I gave smooches to horse noses with whiskers covered in icicles. I busted ice in water tanks. I puked behind the squeeze chute, because apparently icy wind does not help a cough. But hey, that's not the first time I've done that. And grandma and I had a little too much fun on the tractor, because she drives that thing like it's a dune buggy no matter what's on the ground.

So now my face is red and my lips are numb, and it's time to get ready for my town job. I do miss spending all my time outside and with my animals, but babies have to eat and free-spiriting doesn't pay too well. Pretty quick, Sam will be old enough to bundle up and bust through snowdrifts in his new Christmas packs, and he'll be able to go out with his momma to throw hay at the critters. I really hope he'll appreciate snowy mornings and what it means to care for his animals. 

Then I'll have done my job.

Tuesday, December 23, 2014

.Now and Then.

Now and then, I kick myself for being such an open book.
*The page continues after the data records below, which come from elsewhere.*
text \<open>A nonconstant variable \<open>a\<close> lying below two further nonconstant variables
  \<open>b\<close>, \<open>c\<close> forces \<open>b = c\<close>: apply (2) to the meet of witnesses for \<open>\<not>x_a\<close>,
  \<open>\<not>x_b\<close>, \<open>\<not>x_c\<close>.  Dually with joins for \<open>a\<close> above \<open>b\<close> and \<open>c\<close>.\<close>
lemma no_upward_fork:
  assumes IM: "IM_conj V R" and dm: "delta_matroid V R" and "a \<in> V"
    and "b \<noteq> a" "c \<noteq> a" "nonconst R a" "nonconst R b" "nonconst R c"
    and "leR R a b" "leR R a c"
  shows "b = c"
proof -
  obtain wa wb wc where w: "wa \<in> R" "wb \<in> R" "wc \<in> R" "\<not> wa a" "\<not> wb b" "\<not> wc c"
    using assms(6-8) unfolding nonconst_def by blast
  define m where "m = (\<lambda>v. (wa v \<and> wb v) \<and> wc v)"
  have "m \<in> R"
    unfolding m_def by (intro IM_conj_meet_join(1)[OF IM] w(1-3))
  obtain t where "t \<in> R" "t a" using assms(6) unfolding nonconst_def by blast
  show ?thesis
  proof (rule delta_matroid_no_fork[OF dm \<open>a \<in> V\<close> \<open>m \<in> R\<close> \<open>t \<in> R\<close>])
    show "t a \<noteq> m a" "b \<noteq> a" "c \<noteq> a" using \<open>t a\<close> w(4) assms(4,5) unfolding m_def by auto
    fix u assume "u \<in> R" "u a \<noteq> m a"
    then show "u b \<noteq> m b \<and> u c \<noteq> m c"
      using assms(9,10) w(4-6) unfolding m_def leR_def by auto
  qed
qed

lemma no_downward_fork:
  assumes IM: "IM_conj V R" and dm: "delta_matroid V R" and "a \<in> V"
    and "b \<noteq> a" "c \<noteq> a" "nonconst R a" "nonconst R b" "nonconst R c"
    and "leR R b a" "leR R c a"
  shows "b = c"
proof -
  obtain wa wb wc where w: "wa \<in> R" "wb \<in> R" "wc \<in> R" "wa a" "wb b" "wc c"
    using assms(6-8) unfolding nonconst_def by blast
  define m where "m = (\<lambda>v. (wa v \<or> wb v) \<or> wc v)"
  have "m \<in> R"
    unfolding m_def by (intro IM_conj_meet_join(2)[OF IM] w(1-3))
  obtain t where "t \<in> R" "\<not> t a" using assms(6) unfolding nonconst_def by blast
  show ?thesis
  proof (rule delta_matroid_no_fork[OF dm \<open>a \<in> V\<close> \<open>m \<in> R\<close> \<open>t \<in> R\<close>])
    show "t a \<noteq> m a" "b \<noteq> a" "c \<noteq> a" using \<open>\<not> t a\<close> w(4) assms(4,5) unfolding m_def by auto
    fix u assume "u \<in> R" "u a \<noteq> m a"
    then show "u b \<noteq> m b \<and> u c \<noteq> m c"
      using assms(9,10) w(4-6) unfolding m_def leR_def by auto
  qed
qed
text \<open>Splitting a chart point of n coordinates in all possible ways into k and
  n - k coordinates; the weights 1/n! turn into 1/k! * 1/(n-k)!.\<close>
lemma chart_split_le:
  fixes F :: "'a::euclidean_space set \<Rightarrow> 'a set \<Rightarrow> ennreal"
  assumes F: "cfg_meas2 F"
  shows "ennreal (1 / fact n) * (\<integral>\<^sup>+x. (\<Sum>\<xi>\<in>Pow (cfg n x). F \<xi> (cfg n x - \<xi>)) \<partial>(PiL n :: (nat \<Rightarrow> 'a) measure))
    \<le> (\<Sum>k\<le>n. ennreal (1 / fact k) * (ennreal (1 / fact (n - k)) *
        (\<integral>\<^sup>+y. (\<integral>\<^sup>+z. F (cfg k y) (cfg (n - k) z) \<partial>PiL (n - k)) \<partial>PiL k)))"
proof -
  define a where "a k m = (\<integral>\<^sup>+y. (\<integral>\<^sup>+z. F (cfg k y) (cfg m z) \<partial>(PiL m :: (nat \<Rightarrow> 'a) measure)) \<partial>PiL k)" for k m
  have meas: "(\<lambda>x. F (x ` I) (x ` ({..<n} - I))) \<in> borel_measurable (PiL n :: (nat \<Rightarrow> 'a) measure)"
    if "I \<in> Pow {..<n}" for I
    using cfg_meas2_image[OF F, of I "{..<n} - I" "\<lambda>i x. x i"] that
    by (auto intro: measurable_coordinate finite_subset)
  have "(\<integral>\<^sup>+x. (\<Sum>\<xi>\<in>Pow (cfg n x). F \<xi> (cfg n x - \<xi>)) \<partial>(PiL n :: (nat \<Rightarrow> 'a) measure))
      \<le> (\<integral>\<^sup>+x. (\<Sum>I\<in>Pow {..<n}. F (x ` I) (x ` ({..<n} - I))) \<partial>PiL n)"
    by (rule nn_integral_mono) (simp only: cfg_def sum_Pow_image_le[OF finite_lessThan])
  also have "\<dots> = (\<Sum>I\<in>Pow {..<n}. (\<integral>\<^sup>+x. F (x ` I) (x ` ({..<n} - I)) \<partial>PiL n))"
    by (rule nn_integral_sum) (rule meas)
  also have "\<dots> = (\<Sum>I\<in>Pow {..<n}. a (card I) (n - card I))"
    unfolding a_def by (rule sum.cong[OF refl]) (rule nn_integral_PiL_split[OF F], auto)
  also have "\<dots> = (\<Sum>k\<in>{..n}. of_nat (n choose k) * a k (n - k))"
    using sum_Pow_by_card[OF finite_lessThan[of n], of "\<lambda>k. a k (n - k)"] by simp
  finally have "ennreal (1 / fact n) * (\<integral>\<^sup>+x. (\<Sum>\<xi>\<in>Pow (cfg n x). F \<xi> (cfg n x - \<xi>)) \<partial>PiL n)
      \<le> ennreal (1 / fact n) * (\<Sum>k\<in>{..n}. of_nat (n choose k) * a k (n - k))"
    by (rule mult_left_mono) simp
  also have "\<dots> = (\<Sum>k\<le>n. ennreal (1 / fact k) * (ennreal (1 / fact (n - k)) * a k (n - k)))"
    unfolding sum_distrib_left by (rule sum.cong[OF refl]) (simp add: ennreal_binomial_fact)
  finally show ?thesis unfolding a_def .
qed

lemma LP_split_le:
  fixes F :: "'a::euclidean_space set \<Rightarrow> 'a set \<Rightarrow> ennreal"
  assumes F: "cfg_meas2 F"
  shows "LP_nn (\<lambda>\<eta>. \<Sum>\<xi>\<in>Pow \<eta>. F \<xi> (\<eta> - \<xi>)) \<le> LP_nn (\<lambda>\<xi>. LP_nn (F \<xi>))"
proof -
  define b where "b k m = ennreal (1 / fact k) * (ennreal (1 / fact m) *
      (\<integral>\<^sup>+y. (\<integral>\<^sup>+z. F (cfg k y) (cfg m z) \<partial>(PiL m :: (nat \<Rightarrow> 'a) measure)) \<partial>PiL k))" for k m
  have "LP_nn (\<lambda>\<eta>. \<Sum>\<xi>\<in>Pow \<eta>. F \<xi> (\<eta> - \<xi>)) \<le> (\<Sum>n. \<Sum>k\<le>n. b k (n - k))"
    unfolding LP_nn_def b_def by (rule suminf_le[OF chart_split_le[OF F] summableI summableI])
  also have "\<dots> \<le> (\<Sum>k. \<Sum>m. b k m)" by (rule suminf_diagonal_le)
  also have "\<dots> = LP_nn (\<lambda>\<xi>. LP_nn (F \<xi>))"
  proof -
    have "(\<lambda>(y, z). F (cfg k y) (cfg m z)) \<in> borel_measurable (PiL k \<Otimes>\<^sub>M PiL m)" for k m
      using F unfolding cfg_meas2_def by blast
    then show ?thesis
      unfolding LP_nn_def[of "\<lambda>\<xi>. LP_nn (F \<xi>)"] b_def
      by (simp add: nn_integral_LP_nn[OF sigma_finite_PiL])
  qed
  finally show ?thesis .
qed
Times like now, when I feel like a crumpled up piece of paper that somebody threw at the trash can. When the mad is gone and nothing but the raw hurt is left, I wish I was better at putting up a tougher shield.

But I am not. So I'll take the hurt. I'll let it throb in my guts and rise up like bile in my throat. I'll put it down into words like I always do, little as they may mean to anyone else. I'll let myself feel lost. I'll pull the blankets around me tight as if they could stop the cold that comes from the inside. I'll thank God for the fucking flu that means pretty soon I'll be knocked out on NyQuil instead of awake and praying for the phone to ring.

And maybe it's the fever talking, but I'll hold out the tiniest of tiny hopes that this isn't really another ending. The hopeful heart gets broken more than it gets held, but also gets another chance now and then.